Si è alzato ed ha provato a camminare avanti e indietro per la stanza, in un tentativo estremo di scaricare la tensione; e dato che sembrava funzionare egregiamente, ha continuato a farlo mentre si guardava in giro, e mentre guardava la sua stessa anima attraverso quei ricordi che non avevano mai smesso di fargli male.

Il giorno precedente era al lavoro, come sempre; era una giornata comune, stressante come tutte, noiosa al livello di ogni altra. Poi Sally Donovan era entrata dalla porta del suo ufficio, con il suo solito modo di fare; e con leggerezza ha annunciato la fine.
La fine della sua tranquillità. La fine della sua stessa vita, per come se l'era ricostruita. La sua fine; la fine dell'Ispettore Gregory Lestrade.

«Un tale di nome Sherlock Holmes vuole parlare con lei, signore».
Era certo di essere sbiancato, al solo sentire quella parola. Holmes.
Senza trovare la forza di aprir bocca, ha annuito: in un battito di ciglia tutti quei ricordi che aveva addormentato a fatica si erano risvegliati, e prepotentemente avevano iniziato a vorticare nel poco spazio che riservava ai pensieri diversi dal lavoro mentre era in ufficio.
Quando l'alto, snello ragazzo riccio dallo sguardo diffidente e dalle maniere sicure aveva fatto capolino all'uscio, l'ispettore aveva rivisto un pezzo della sua giovinezza tornare con forza nella sua vita.
Era proprio quel bambino che aveva visto crescere? Era diventato il genio che prometteva (almeno ai suoi occhi) di diventare? Se avesse dovuto fare affidamento solo a quanto poteva vedere, avrebbe detto di sì. Ne aveva tutto l'aspetto e ne aveva i modi.
Ma sapeva per certo che, se si era presentato a lui, non avrebbe avuto alcun motivo di doversi fermare al suo aspetto.
«Lestrade!»
La sua voce era bassa - bassissima - molto più bassa di quanto non avrebbe mai pensato che sarebbe potuta diventare. Si era alzato di scatto e gli aveva allungato la mano.
«Sherlock... È un ve-vero piacere rivederti». Accidenti alla balbuzie.
Il ragazzo aveva sorriso; era molto bello, ma la cosa straordinaria era che gli sembrava ancora perfettamente familiare. Come se non fossero passati tutti quegli anni dall'ultima volta che si erano visti.

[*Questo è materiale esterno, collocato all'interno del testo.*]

lemma V_eq_V_U:
  assumes "0 \<le> s" "s \<le> r" "r < t"
  shows "V n t s x = V n t r (U n r s x)"
proof (rule injD[OF i(2)])
  have "\<forall>t r s. 0 \<le> s \<and> s \<le> r \<and> r \<le> t \<longrightarrow> U n t r \<circ> U n r s = U n t s"
    using evol[of n] unfolding evolution_system_def by blast
  then have "U n t r \<circ> U n r s = U n t s"
    using assms by simp
  then have "U n t r (U n r s x) = U n t s x"
    by (simp add: fun_eq_iff)
  then show "i (V n t s x) = i (V n t r (U n r s x))"
    using assms by (simp add: smooth)
qed

lemma V_continuous_on:
  assumes "0 \<le> c" "c < t"
  shows "continuous_on {0..c} (\<lambda>s. V n t s x)"
proof -
  have "continuous_on {(t, s). 0 \<le> s \<and> s \<le> t} (\<lambda>(t, s). U n t s x)"
    using evol[of n] unfolding evolution_system_def by blast
  moreover have "continuous_on {0..c} (\<lambda>s. (c, s))"
    by (intro continuous_intros)
  ultimately have "continuous_on {0..c} (\<lambda>s. (\<lambda>(t, s). U n t s x) (c, s))"
    by (rule continuous_on_compose2) auto
  then have "continuous_on {0..c} (\<lambda>s. U n c s x)"
    by simp
  then have "continuous_on {0..c} (\<lambda>s. V n t c (U n c s x))"
    by (rule bounded_linear.continuous_on[OF V_bounded_linear[OF assms]])
  then show ?thesis
    by (rule continuous_on_cong[THEN iffD1, rotated 2]) (use assms V_eq_V_U in auto)
qed

text \<open>The value at \<open>s = t\<close>, where \<open>V\<close> is unconstrained, is set to \<open>0\<close>.\<close>
definition V_diff :: "nat \<Rightarrow> real \<Rightarrow> real \<Rightarrow> 'a \<Rightarrow> 'b" where
  "V_diff n t s x = (if s < t then V n t s x - V 0 t s x else 0)"

lemma linear_V_diff: "0 \<le> s \<Longrightarrow> linear (V_diff n t s)"
  unfolding V_diff_def
  by (cases "s < t") (auto intro: linear_compose_sub bounded_linear.linear V_bounded_linear)

lemma norm_V_diff_le:
  assumes "0 \<le> s"
  shows "norm (V_diff n t s x) \<le> 2 * K * weight t s * norm x"
proof (cases "s < t")
  case True
  have "norm (V n t s x - V 0 t s x) \<le> norm (V n t s x) + norm (V 0 t s x)"
    by (rule norm_triangle_ineq4)
  also have "\<dots> \<le> 2 * K * weight t s * norm x"
    using V_bound[OF assms True, of n x] V_bound[OF assms True, of 0 x] by (simp add: weight_def)
  finally show ?thesis
    using True by (simp add: V_diff_def)
next
  case False
  then show ?thesis
    using K weight_nonneg by (simp add: V_diff_def)
qed

lemma integrable_on_V_diff:
  assumes t: "0 \<le> t" and C: "compact C" and g_C: "\<And>s. s \<in> {0..t} \<Longrightarrow> g s \<in> C"
    and g_meas: "\<And>G c. open G \<Longrightarrow> c \<le> t \<Longrightarrow> {s\<in>{0..c}. g s \<in> G} \<in> sets lebesgue"
  shows "(\<lambda>s. V_diff n t s (g s)) integrable_on {0..t}"
proof (rule integrable_on_Caratheodory[OF C g_C g_meas])
  show "(\<lambda>s. indicator E s *\<^sub>R V_diff n t s z) integrable_on {0..c}"
    if E: "E \<in> sets lebesgue" and c: "c \<in> {0..<t}" for z E c
  proof -
    have "continuous_on {0..c} (\<lambda>s. V n t s z - V 0 t s z)"
      using c by (intro continuous_on_diff V_continuous_on) auto
    then have "(\<lambda>s. indicator E s *\<^sub>R (V n t s z - V 0 t s z)) integrable_on {0..c}"
      by (rule integrable_on_indicator_scaleR_continuous[OF E])
    then show ?thesis
      by (rule integrable_eq) (use c in \<open>simp add: V_diff_def\<close>)
  qed
  show "(\<lambda>s. 2 * K * weight t s) integrable_on {0..t}"
    using has_integral_weight[OF t] by (intro integrable_on_mult_right) blast
  show "linear (V_diff n t s)" "norm (V_diff n t s x) \<le> 2 * K * weight t s * norm x"
    "0 \<le> 2 * K * weight t s" if "s \<in> {0..t}" for s x
    using that K weight_nonneg linear_V_diff norm_V_diff_le by simp_all
qed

«Sono davvero lieto del fatto che ti ricordi ancora di me» aveva detto, avvicinandosi e stringendogli la mano, prima di accomodarsi su una sedia compostamente. Il poliziotto si era accomodato a sua volta, e non aveva smesso di squadrarlo per un secondo, con un sorriso congelato sul viso.
«Che... Che ci fai qui?» Aveva chiesto, infine, dopo un bel po' di tempo in cui nessuno dei due aveva fiatato.
«Sono cambiate così tante cose, amico mio, dall'ultima volta che ci siamo sentiti. Io...» Il giovane si era fermato, quasi indeciso su cosa dire per primo. «Io sono qui perché ho diversi problemi. Mi ha mandato Mycroft» aveva aggiunto a bassa voce, prima di mordersi l'interno di una guancia.
Lestrade aveva sentito caldo, d'improvviso. Caldo dentro, e caldo fuori di sé.
«Cosa accidenti è successo?»
Sherlock aveva preso un respiro, e giocherellando con un pezzo di carta sul tavolo gli aveva raccontato dei problemi di droga che lo affliggevano, e di come il fratello avesse tentato ogni via per farlo smettere. Questa era una delle ultime possibilità, ma per quanto riguardava il diretto interessato, «Una collaborazione con il tuo reparto e con te è una delle poche cose che credo potrebbero interessarmi».
Gregory si era inumidito le labbra.
«Ti chiedo solo di poter pensarci un giorno» aveva mormorato, senza trovare il coraggio di guardarlo in volto. Aveva creduto fino a qualche momento prima che quella ferita si fosse richiusa; ma a quanto pareva, si sbagliava - si sbagliava di grosso.
«Fa' con comodo, G... Lestrade. Non voglio essere un problema anche per te. Ma d'altra parte, non desidero rivolgermi a nessun altro ispettore... Non mi sembra giusto, questo è tutto. Ci sentiamo presto, spero»
«Sì, ci sentiamo presto» aveva risposto, insicuro, lui, pur sapendo che sarebbe stato proprio così. Non aveva alcuna intenzione di lasciare quel poveretto al suo destino; non l'avrebbe fatto con nessuno, e tantomeno lo avrebbe fatto con un Holmes.